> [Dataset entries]
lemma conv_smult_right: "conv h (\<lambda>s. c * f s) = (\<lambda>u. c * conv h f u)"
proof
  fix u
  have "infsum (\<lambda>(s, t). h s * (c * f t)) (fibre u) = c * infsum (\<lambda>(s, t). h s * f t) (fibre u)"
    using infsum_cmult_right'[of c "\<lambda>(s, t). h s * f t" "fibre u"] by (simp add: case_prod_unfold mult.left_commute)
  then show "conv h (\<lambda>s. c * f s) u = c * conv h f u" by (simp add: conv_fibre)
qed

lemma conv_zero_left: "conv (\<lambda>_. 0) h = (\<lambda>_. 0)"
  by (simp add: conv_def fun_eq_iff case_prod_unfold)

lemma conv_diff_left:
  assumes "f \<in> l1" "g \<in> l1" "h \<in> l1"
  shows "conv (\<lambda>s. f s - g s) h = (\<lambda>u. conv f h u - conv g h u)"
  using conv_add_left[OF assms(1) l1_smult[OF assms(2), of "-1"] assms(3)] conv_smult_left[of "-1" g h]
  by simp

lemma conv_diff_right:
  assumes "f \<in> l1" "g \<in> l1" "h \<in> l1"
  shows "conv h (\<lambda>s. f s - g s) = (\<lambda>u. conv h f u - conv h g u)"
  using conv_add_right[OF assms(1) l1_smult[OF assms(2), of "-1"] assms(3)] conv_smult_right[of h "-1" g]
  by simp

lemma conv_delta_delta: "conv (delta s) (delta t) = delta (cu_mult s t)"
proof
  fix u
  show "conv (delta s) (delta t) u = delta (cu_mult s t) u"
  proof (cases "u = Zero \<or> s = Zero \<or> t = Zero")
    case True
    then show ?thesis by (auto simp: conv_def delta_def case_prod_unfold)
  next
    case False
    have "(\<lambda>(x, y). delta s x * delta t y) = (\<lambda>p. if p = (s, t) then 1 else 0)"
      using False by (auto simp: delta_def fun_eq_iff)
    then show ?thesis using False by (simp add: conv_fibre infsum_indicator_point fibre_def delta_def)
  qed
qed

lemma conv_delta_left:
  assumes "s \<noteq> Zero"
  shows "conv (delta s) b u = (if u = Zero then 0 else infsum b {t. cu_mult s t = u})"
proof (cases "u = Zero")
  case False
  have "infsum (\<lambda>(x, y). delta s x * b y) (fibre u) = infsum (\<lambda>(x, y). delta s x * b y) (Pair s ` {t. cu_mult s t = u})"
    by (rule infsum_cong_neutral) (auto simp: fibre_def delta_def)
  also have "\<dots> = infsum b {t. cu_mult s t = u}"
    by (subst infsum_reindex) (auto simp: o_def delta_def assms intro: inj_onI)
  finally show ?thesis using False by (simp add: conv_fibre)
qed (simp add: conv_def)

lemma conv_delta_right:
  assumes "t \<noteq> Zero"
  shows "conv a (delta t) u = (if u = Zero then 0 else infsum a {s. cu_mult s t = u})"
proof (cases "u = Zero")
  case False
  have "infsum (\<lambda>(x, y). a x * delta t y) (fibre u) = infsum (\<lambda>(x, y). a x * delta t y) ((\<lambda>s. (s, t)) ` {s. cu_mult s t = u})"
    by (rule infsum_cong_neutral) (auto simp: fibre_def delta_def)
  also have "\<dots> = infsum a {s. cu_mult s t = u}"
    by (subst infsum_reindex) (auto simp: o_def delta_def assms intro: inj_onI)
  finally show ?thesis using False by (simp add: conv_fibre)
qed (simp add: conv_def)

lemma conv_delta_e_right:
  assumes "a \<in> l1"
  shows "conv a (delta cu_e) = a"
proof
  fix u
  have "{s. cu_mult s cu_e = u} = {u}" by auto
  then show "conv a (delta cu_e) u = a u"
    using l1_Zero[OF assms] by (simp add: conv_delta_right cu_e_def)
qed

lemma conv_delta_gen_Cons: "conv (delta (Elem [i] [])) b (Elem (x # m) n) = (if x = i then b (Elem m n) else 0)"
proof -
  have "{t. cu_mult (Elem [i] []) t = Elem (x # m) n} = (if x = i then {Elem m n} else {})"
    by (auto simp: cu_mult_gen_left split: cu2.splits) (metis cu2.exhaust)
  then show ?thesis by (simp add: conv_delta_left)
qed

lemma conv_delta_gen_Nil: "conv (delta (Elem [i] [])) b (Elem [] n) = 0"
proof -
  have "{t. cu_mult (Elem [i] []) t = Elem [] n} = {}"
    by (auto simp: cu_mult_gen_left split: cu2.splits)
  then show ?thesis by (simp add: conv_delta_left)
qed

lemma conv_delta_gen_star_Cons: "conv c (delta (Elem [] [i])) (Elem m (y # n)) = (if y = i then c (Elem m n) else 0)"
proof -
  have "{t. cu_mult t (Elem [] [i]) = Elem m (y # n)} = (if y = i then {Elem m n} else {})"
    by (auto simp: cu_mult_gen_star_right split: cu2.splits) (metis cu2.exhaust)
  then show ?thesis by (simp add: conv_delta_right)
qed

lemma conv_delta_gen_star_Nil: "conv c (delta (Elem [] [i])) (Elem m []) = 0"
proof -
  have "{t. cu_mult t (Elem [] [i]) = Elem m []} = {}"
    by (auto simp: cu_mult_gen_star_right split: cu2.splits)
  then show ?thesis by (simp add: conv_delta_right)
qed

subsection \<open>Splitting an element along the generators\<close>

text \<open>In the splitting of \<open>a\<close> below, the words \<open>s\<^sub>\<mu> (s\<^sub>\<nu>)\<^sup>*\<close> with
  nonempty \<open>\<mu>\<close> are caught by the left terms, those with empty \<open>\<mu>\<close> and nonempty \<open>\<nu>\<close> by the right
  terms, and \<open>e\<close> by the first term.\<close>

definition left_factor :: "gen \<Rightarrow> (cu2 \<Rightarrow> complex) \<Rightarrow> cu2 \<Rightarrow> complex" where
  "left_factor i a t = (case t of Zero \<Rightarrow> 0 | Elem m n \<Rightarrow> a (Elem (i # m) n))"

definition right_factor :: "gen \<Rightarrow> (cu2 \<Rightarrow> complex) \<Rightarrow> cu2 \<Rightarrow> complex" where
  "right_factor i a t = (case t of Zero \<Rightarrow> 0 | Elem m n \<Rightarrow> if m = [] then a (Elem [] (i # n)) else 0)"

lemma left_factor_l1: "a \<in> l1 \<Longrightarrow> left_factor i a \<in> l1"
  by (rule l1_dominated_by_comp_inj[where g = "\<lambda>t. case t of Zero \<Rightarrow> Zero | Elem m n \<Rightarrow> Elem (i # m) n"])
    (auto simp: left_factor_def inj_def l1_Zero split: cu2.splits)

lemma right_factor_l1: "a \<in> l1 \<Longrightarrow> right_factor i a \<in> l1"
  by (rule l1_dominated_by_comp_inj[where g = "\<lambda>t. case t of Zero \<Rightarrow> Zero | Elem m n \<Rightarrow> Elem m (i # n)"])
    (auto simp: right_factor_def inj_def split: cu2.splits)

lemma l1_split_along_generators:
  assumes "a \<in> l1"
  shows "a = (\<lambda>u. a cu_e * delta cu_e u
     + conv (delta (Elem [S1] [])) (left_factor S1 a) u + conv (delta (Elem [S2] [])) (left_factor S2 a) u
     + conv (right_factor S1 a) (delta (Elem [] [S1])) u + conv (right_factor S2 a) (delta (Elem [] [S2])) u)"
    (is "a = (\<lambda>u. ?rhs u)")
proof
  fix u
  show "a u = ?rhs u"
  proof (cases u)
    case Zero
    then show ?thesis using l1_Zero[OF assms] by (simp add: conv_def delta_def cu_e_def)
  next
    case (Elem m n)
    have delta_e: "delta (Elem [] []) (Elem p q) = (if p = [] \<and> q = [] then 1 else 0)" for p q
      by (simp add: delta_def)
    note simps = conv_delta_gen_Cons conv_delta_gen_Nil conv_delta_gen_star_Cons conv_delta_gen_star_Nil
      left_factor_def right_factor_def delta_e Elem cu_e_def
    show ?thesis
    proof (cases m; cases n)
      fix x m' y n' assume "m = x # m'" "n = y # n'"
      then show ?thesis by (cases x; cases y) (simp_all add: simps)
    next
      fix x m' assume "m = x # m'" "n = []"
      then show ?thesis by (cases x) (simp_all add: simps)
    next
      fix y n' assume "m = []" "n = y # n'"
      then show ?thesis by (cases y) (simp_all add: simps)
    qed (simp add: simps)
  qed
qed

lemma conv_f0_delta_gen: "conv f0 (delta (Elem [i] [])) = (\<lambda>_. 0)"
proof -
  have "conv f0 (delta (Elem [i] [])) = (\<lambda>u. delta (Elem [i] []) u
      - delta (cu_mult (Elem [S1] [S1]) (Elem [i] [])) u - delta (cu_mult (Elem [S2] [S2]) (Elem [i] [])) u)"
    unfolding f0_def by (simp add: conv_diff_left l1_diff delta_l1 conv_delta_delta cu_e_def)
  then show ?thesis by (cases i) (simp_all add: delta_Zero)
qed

> [What the exercise asks] For the records above, state the number of lines that contain "exhaust", and provide nothing further.

> [Task solution] 2